lemma dumont_av_direct_sum_split:
  assumes "distinct (L @ R)" "set (L @ R) = {1..2 * n}"
    and "dumont_word L" "dumont_word R" "avoids_2341_2413 L" "avoids_2341_2413 R"
    and "\<forall>x\<in>set L. \<forall>y\<in>set R. x < y"
  obtains k r where "k \<le> n" "L \<in> dumont_av k" "r \<in> dumont_av (n - k)" "R = shift (2 * k) r"
proof -
  define j where "j = length L"
  have L: "set L = {1..j}"
    using initial_segment_partition[of "set L" "set R" "2 * n"] assms(1,2,7)
    by (auto simp: j_def distinct_card)
  have "set R = set (L @ R) - set L"
    using assms(1) by auto
  also have "\<dots> = {j + 1..2 * n}"
    using assms(2) L by auto
  finally have R: "set R = {j + 1..2 * n}" .
  have "{1..j} \<subseteq> {1..2 * n}"
    using assms(2) L by auto
  then have "j \<le> 2 * n" by (cases "j = 0") auto
  have "even j"
  proof (cases "R = []")
    case True
    then have "j = 2 * n"
      using R \<open>j \<le> 2 * n\<close> by simp
    then show ?thesis by simp
  next
    case False
    then have "set R \<noteq> {}" by simp
    then have "Min (set R) = j + 1"
      unfolding R by (intro Min_eqI) auto
    then show ?thesis
      using odd_Min_dumont_word[OF assms(4) False] by simp
  qed
  then obtain k where j: "j = 2 * k" by blast
  define r where "r = map (\<lambda>v. v - j) R"
  have Rr: "R = shift (2 * k) r"
    unfolding r_def map_map o_def using R j by (intro map_idI[symmetric]) auto
  show ?thesis
  proof
    show "k \<le> n" using \<open>j \<le> 2 * n\<close> j by simp
    show "L \<in> dumont_av k"
      using assms L j by (simp add: mem_dumont_av)
    show "R = shift (2 * k) r" by (fact Rr)
    have "(\<lambda>v. v + 2 * k) ` set r = (\<lambda>v. v + 2 * k) ` {1..2 * (n - k)}"
      using R Rr j \<open>k \<le> n\<close> by (simp; presburger)
    moreover have "inj (\<lambda>v :: nat. v + 2 * k)"
      by (simp add: inj_def)
    ultimately have "set r = {1..2 * (n - k)}"
      by (simp only: inj_image_eq_iff)
    then show "r \<in> dumont_av (n - k)"
      using assms(1,4,6) Rr by (simp add: mem_dumont_av distinct_map dumont_word_shift_iff avoids_all_shift_iff)
  qed
qed

definition join_apart :: "nat \<Rightarrow> nat \<Rightarrow> nat list \<Rightarrow> nat list \<Rightarrow> nat list" where
  "join_apart n k s r = s @ (2 * n + 2) # shift (2 * k) r @ [2 * n + 1]"

definition join_adjacent :: "nat \<Rightarrow> nat \<Rightarrow> nat list \<Rightarrow> nat list \<Rightarrow> nat list" where
  "join_adjacent n k s r = s @ (2 * n + 1) # (2 * n + 2) # shift (2 * k) r"

lemma subseq_infix: "subseq xs (ys @ xs @ zs)"
  by (intro sublist_imp_subseq sublist_appendI)

lemma subseq_of_members:
  assumes "x \<in> set L" "y \<in> set R"
  shows "subseq (x # A @ y # B) (L @ A @ R @ B)"
proof -
  have "subseq ([x] @ A @ [y] @ B) (L @ A @ R @ B)"
    using assms by (intro list_emb_append_mono) (simp_all add: subseq_singleton_left)
  then show ?thesis by simp
qed

lemma avoids_2341_2413_apart_separated:
  assumes "avoids_2341_2413 (L @ M # R @ [M'])" "distinct (L @ R)" "\<forall>x\<in>set L. x < M'" "M' < M"
  shows "\<forall>x\<in>set L. \<forall>y\<in>set R. x < y"
proof (intro ballI)
  fix x y
  assume xy: "x \<in> set L" "y \<in> set R"
  show "x < y"
  proof (rule ccontr)
    assume "\<not> x < y"
    moreover have "x \<noteq> y" and "x < M'"
      using xy assms(2,3) by auto
    moreover have "subseq [x, M, y, M'] (L @ M # R @ [M'])"
      using subseq_of_members[OF xy, of "[M]" "[M']"] by simp
    ultimately show False
      using assms(1,4) unfolding avoids_2341_2413_iff by (meson linorder_neqE_nat)
  qed
qed

lemma avoids_2341_2413_adjacent_separated:
  assumes "avoids_2341_2413 (L @ M' # M # R)" "distinct (L @ R)" "\<forall>x\<in>set L. x < M'" "M' < M"
  shows "\<forall>x\<in>set L. \<forall>y\<in>set R. x < y"
proof (intro ballI)
  fix x y
  assume xy: "x \<in> set L" "y \<in> set R"
  show "x < y"
  proof (rule ccontr)
    assume "\<not> x < y"
    moreover have "x \<noteq> y" and "x < M'"
      using xy assms(2,3) by auto
    moreover have "subseq [x, M', M, y] (L @ M' # M # R)"
      using subseq_of_members[OF xy, of "[M', M]" "[]"] by simp
    ultimately show False
      using assms(1,4) unfolding avoids_2341_2413_iff by (meson linorder_neqE_nat)
  qed
qed

lemma dumont_av_apart_split:
  assumes p: "L @ (2 * n + 2) # R @ [2 * n + 1] \<in> dumont_av (Suc n)"
  obtains k r where "k \<le> n" "L \<in> dumont_av k" "r \<in> dumont_av (n - k)" "R = shift (2 * k) r"
proof (rule dumont_av_direct_sum_split)
  let ?p = "L @ (2 * n + 2) # R @ [2 * n + 1]"
  have dist: "distinct ?p" and st: "set ?p = {1..2 * n + 2}"
    and dw: "dumont_word ?p" and av: "avoids_2341_2413 ?p"
    using p by (simp_all add: mem_dumont_av)
  show "distinct (L @ R)"
    using dist by simp
  have "set (L @ R) = set ?p - {2 * n + 1, 2 * n + 2}"
    using dist by auto
  also have "\<dots> = {1..2 * n}"
    unfolding st by auto
  finally show "set (L @ R) = {1..2 * n}" .
  then have below: "\<forall>x\<in>set L. x \<le> 2 * n" "\<forall>x\<in>set R. x \<le> 2 * n"
    by auto
  show "dumont_word L"
    using dw below(1) by (intro dumont_word_prefix_below[of L "2 * n + 2" "R @ [2 * n + 1]"]) auto
  have "dumont_word (R @ [2 * n + 1])"
    using dw dumont_word_appendD[of "L @ [2 * n + 2]"] by simp
  then show "dumont_word R"
    using below(2) by (intro dumont_word_prefix_below[of R "2 * n + 1" "[]"]) auto
  have "subseq L ?p" "subseq R ?p"
    using subseq_infix[of L "[]"] subseq_infix[of R "L @ [2 * n + 2]" "[2 * n + 1]"] by simp_all
  then show "avoids_2341_2413 L" "avoids_2341_2413 R"
    using av avoids_all_subseq by blast+
  show "\<forall>x\<in>set L. \<forall>y\<in>set R. x < y"
    using dist below(1) by (intro avoids_2341_2413_apart_separated[OF av]) auto
qed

**WORK TASK**
The data should be transcribed exactly, line for line.

**RESULT**
lemma dumont_av_direct_sum_split:
  assumes "distinct (L @ R)" "set (L @ R) = {1..2 * n}"
    and "dumont_word L" "dumont_word R" "avoids_2341_2413 L" "avoids_2341_2413 R"
    and "\<forall>x\<in>set L. \<forall>y\<in>set R. x < y"
  obtains k r where "k \<le> n" "L \<in> dumont_av k" "r \<in> dumont_av (n - k)" "R = shift (2 * k) r"
proof -
  define j where "j = length L"
  have L: "set L = {1..j}"
    using initial_segment_partition[of "set L" "set R" "2 * n"] assms(1,2,7)
    by (auto simp: j_def distinct_card)
  have "set R = set (L @ R) - set L"
    using assms(1) by auto
  also have "\<dots> = {j + 1..2 * n}"
    using assms(2) L by auto
  finally have R: "set R = {j + 1..2 * n}" .
  have "{1..j} \<subseteq> {1..2 * n}"
    using assms(2) L by auto
  then have "j \<le> 2 * n" by (cases "j = 0") auto
  have "even j"
  proof (cases "R = []")
    case True
    then have "j = 2 * n"
      using R \<open>j \<le> 2 * n\<close> by simp
    then show ?thesis by simp
  next
    case False
    then have "set R \<noteq> {}" by simp
    then have "Min (set R) = j + 1"
      unfolding R by (intro Min_eqI) auto
    then show ?thesis
      using odd_Min_dumont_word[OF assms(4) False] by simp
  qed
  then obtain k where j: "j = 2 * k" by blast
  define r where "r = map (\<lambda>v. v - j) R"
  have Rr: "R = shift (2 * k) r"
    unfolding r_def map_map o_def using R j by (intro map_idI[symmetric]) auto
  show ?thesis
  proof
    show "k \<le> n" using \<open>j \<le> 2 * n\<close> j by simp
    show "L \<in> dumont_av k"
      using assms L j by (simp add: mem_dumont_av)
    show "R = shift (2 * k) r" by (fact Rr)
    have "(\<lambda>v. v + 2 * k) ` set r = (\<lambda>v. v + 2 * k) ` {1..2 * (n - k)}"
      using R Rr j \<open>k \<le> n\<close> by (simp; presburger)
    moreover have "inj (\<lambda>v :: nat. v + 2 * k)"
      by (simp add: inj_def)
    ultimately have "set r = {1..2 * (n - k)}"
      by (simp only: inj_image_eq_iff)
    then show "r \<in> dumont_av (n - k)"
      using assms(1,4,6) Rr by (simp add: mem_dumont_av distinct_map dumont_word_shift_iff avoids_all_shift_iff)
  qed
qed

definition join_apart :: "nat \<Rightarrow> nat \<Rightarrow> nat list \<Rightarrow> nat list \<Rightarrow> nat list" where
  "join_apart n k s r = s @ (2 * n + 2) # shift (2 * k) r @ [2 * n + 1]"

definition join_adjacent :: "nat \<Rightarrow> nat \<Rightarrow> nat list \<Rightarrow> nat list \<Rightarrow> nat list" where
  "join_adjacent n k s r = s @ (2 * n + 1) # (2 * n + 2) # shift (2 * k) r"

lemma subseq_infix: "subseq xs (ys @ xs @ zs)"
  by (intro sublist_imp_subseq sublist_appendI)

lemma subseq_of_members:
  assumes "x \<in> set L" "y \<in> set R"
  shows "subseq (x # A @ y # B) (L @ A @ R @ B)"
proof -
  have "subseq ([x] @ A @ [y] @ B) (L @ A @ R @ B)"
    using assms by (intro list_emb_append_mono) (simp_all add: subseq_singleton_left)
  then show ?thesis by simp
qed

lemma avoids_2341_2413_apart_separated:
  assumes "avoids_2341_2413 (L @ M # R @ [M'])" "distinct (L @ R)" "\<forall>x\<in>set L. x < M'" "M' < M"
  shows "\<forall>x\<in>set L. \<forall>y\<in>set R. x < y"
proof (intro ballI)
  fix x y
  assume xy: "x \<in> set L" "y \<in> set R"
  show "x < y"
  proof (rule ccontr)
    assume "\<not> x < y"
    moreover have "x \<noteq> y" and "x < M'"
      using xy assms(2,3) by auto
    moreover have "subseq [x, M, y, M'] (L @ M # R @ [M'])"
      using subseq_of_members[OF xy, of "[M]" "[M']"] by simp
    ultimately show False
      using assms(1,4) unfolding avoids_2341_2413_iff by (meson linorder_neqE_nat)
  qed
qed

lemma avoids_2341_2413_adjacent_separated:
  assumes "avoids_2341_2413 (L @ M' # M # R)" "distinct (L @ R)" "\<forall>x\<in>set L. x < M'" "M' < M"
  shows "\<forall>x\<in>set L. \<forall>y\<in>set R. x < y"
proof (intro ballI)
  fix x y
  assume xy: "x \<in> set L" "y \<in> set R"
  show "x < y"
  proof (rule ccontr)
    assume "\<not> x < y"
    moreover have "x \<noteq> y" and "x < M'"
      using xy assms(2,3) by auto
    moreover have "subseq [x, M', M, y] (L @ M' # M # R)"
      using subseq_of_members[OF xy, of "[M', M]" "[]"] by simp
    ultimately show False
      using assms(1,4) unfolding avoids_2341_2413_iff by (meson linorder_neqE_nat)
  qed
qed

lemma dumont_av_apart_split:
  assumes p: "L @ (2 * n + 2) # R @ [2 * n + 1] \<in> dumont_av (Suc n)"
  obtains k r where "k \<le> n" "L \<in> dumont_av k" "r \<in> dumont_av (n - k)" "R = shift (2 * k) r"
proof (rule dumont_av_direct_sum_split)
  let ?p = "L @ (2 * n + 2) # R @ [2 * n + 1]"
  have dist: "distinct ?p" and st: "set ?p = {1..2 * n + 2}"
    and dw: "dumont_word ?p" and av: "avoids_2341_2413 ?p"
    using p by (simp_all add: mem_dumont_av)
  show "distinct (L @ R)"
    using dist by simp
  have "set (L @ R) = set ?p - {2 * n + 1, 2 * n + 2}"
    using dist by auto
  also have "\<dots> = {1..2 * n}"
    unfolding st by auto
  finally show "set (L @ R) = {1..2 * n}" .
  then have below: "\<forall>x\<in>set L. x \<le> 2 * n" "\<forall>x\<in>set R. x \<le> 2 * n"
    by auto
  show "dumont_word L"
    using dw below(1) by (intro dumont_word_prefix_below[of L "2 * n + 2" "R @ [2 * n + 1]"]) auto
  have "dumont_word (R @ [2 * n + 1])"
    using dw dumont_word_appendD[of "L @ [2 * n + 2]"] by simp
  then show "dumont_word R"
    using below(2) by (intro dumont_word_prefix_below[of R "2 * n + 1" "[]"]) auto
  have "subseq L ?p" "subseq R ?p"
    using subseq_infix[of L "[]"] subseq_infix[of R "L @ [2 * n + 2]" "[2 * n + 1]"] by simp_all
  then show "avoids_2341_2413 L" "avoids_2341_2413 R"
    using av avoids_all_subseq by blast+
  show "\<forall>x\<in>set L. \<forall>y\<in>set R. x < y"
    using dist below(1) by (intro avoids_2341_2413_apart_separated[OF av]) auto
qed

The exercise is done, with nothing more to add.